We do not have to look only to God’s prophets to hear apocalyptic warnings in our day. We have been exiled from our usual ‘comfort zone’, exiled from the familiar comforts of a taken-for-granted prosperity. Old certainties have given way to new anxieties. It would be easy to respond with a false optimism, the kind that agitates protests but changes nothing. Everything’s going to turn out fine: when we turn out one government for another or when the politicians put another jumble of laws on the books or when the heads of nations cook up yet another half-baked debt deal.

None of these schemes seems likely to solve our problems. The stock market—that modern barometer of the world’s expectations—oscillates wildly between hope and despair, as one quick-fix solution after another fleetingly evaporates. In spite of the hardship that people are now facing, there is cause for hope. When the status quo becomes intolerable, people look for change. People demand change.

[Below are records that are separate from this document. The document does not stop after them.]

(* Let $M\in\mathrm{Mat}(2,\mathbb{Z})$ with $D=\det(M)$, and let $n=p_1^{r_1}p_2^{r_2}\cdots p_s^{r_s}$ be the prime decomposition of $n$. If $n$ is not divisible by $4$, then $M$ is reversible mod $n$ if and only if, for each $1\le i\le s$, $D\equiv1$ or $M^2\equiv\mathbb{1}\pmod{p_i^{r_i}}$. If $n=2^{r_1}p_2^{r_2}\cdots p_s^{r_s}$ with $r_1\ge2$ (and $p_2,\dots,p_s$ odd), then $M$ is reversible mod $n$ if and only if $M$ is reversible mod $2^{r_1}$ and, for all $i>1$, $D\equiv1$ or $M^2\equiv\mathbb{1}\pmod{p_i^{r_i}}$.
   Context: $M$ is reversible mod $k$ if $\det M$ is a unit mod $k$ and there exists $R\in\mathrm{GL}(2,\mathbb{Z}/k\mathbb{Z})$ with $RMR^{-1}\equiv M^{-1}\pmod k$. *)

theory Defs
  imports "HOL-Analysis.Analysis" "HOL-Number_Theory.Number_Theory"
begin

definition matcong :: "int^2^2 \<Rightarrow> int^2^2 \<Rightarrow> int \<Rightarrow> bool" where
  "matcong A B k \<longleftrightarrow> (\<forall>i j. [A $ i $ j = B $ i $ j] (mod k))"

text \<open>An integer matrix represents an element of GL(2, Z/kZ), with inverse
  represented by Ainv, if A Ainv = Ainv A = 1 mod k.\<close>

definition inv_mod :: "int^2^2 \<Rightarrow> int^2^2 \<Rightarrow> int \<Rightarrow> bool" where
  "inv_mod A Ainv k \<longleftrightarrow> matcong (A ** Ainv) (mat 1) k \<and> matcong (Ainv ** A) (mat 1) k"

definition reversible_mod :: "int^2^2 \<Rightarrow> int \<Rightarrow> bool" where
  "reversible_mod M k \<longleftrightarrow> coprime (det M) k \<and>
     (\<exists>R Rinv Minv. inv_mod R Rinv k \<and> inv_mod M Minv k \<and>
        matcong (R ** M ** Rinv) Minv k)"

end

theory Submission
  imports Defs
begin

text \<open>Reversibility of M mod k amounts to the existence of R, invertible mod k, with
  M R M \<equiv> R. Modulo a prime power p^r with p odd, this forces det M \<equiv> \<plusminus>1; in the case
  det M \<equiv> -1 the identity det R \<cdot> tr M \<cdot> (det M - 1) \<equiv> 0 gives tr M \<equiv> 0, and then
  M^2 \<equiv> 1 by Cayley-Hamilton. Conversely M^2 \<equiv> 1 is reversed by R = 1, and if det M \<equiv> 1
  then M R M = R + (a linear form in the entries of R) \<cdot> M for every traceless R, so it
  suffices to find a root of a linear form mod p^r at which the quadratic form
  -det R = x^2 + yz is a unit. Finally, reversibility is local: it passes to divisors of
  the modulus and glues along coprime factorisations by the Chinese remainder theorem.\<close>

lemma matrix_mult_2_nth:
  "((A::int^2^2) ** B) $ i $ j = A$i$1 * B$1$j + A$i$2 * B$2$j"
  by (simp add: matrix_matrix_mult_def sum_2)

We Christians should give support to the yearnings of a broken world looking for a chance to start afresh, the chance for a new advent.

Yearning such as these must have been why so many people went out to hear the message of John the Baptist. They went into the place of ‘beginnings’ which is what the desert represented. It was there that the people of God were found by him and from there that they were led by him.

There are many these days who promise that a new world is coming. If we profess hope and believe in the possibility of change, they urge, then we can build a new world. The truth is that we cannot build it. We must allow God to build it with us and in us. We are to become the living stones of God’s new creation. As we know, John the Baptist did not flinch from denouncing injustices and demanding righteousness from those who claimed to be leaders of the people. Neither John nor the mightier one coming after him was especially interested in reforming structures or changing systems. They challenged people to change their lives.

This new world, this new kingdom begins not with a change of regime but with a change of heart—that is, with conversion. John tells us ‘your job is to change you and in this way your world will be changed’. Be comforted, be comforted my people! You can begin again; but begin with you.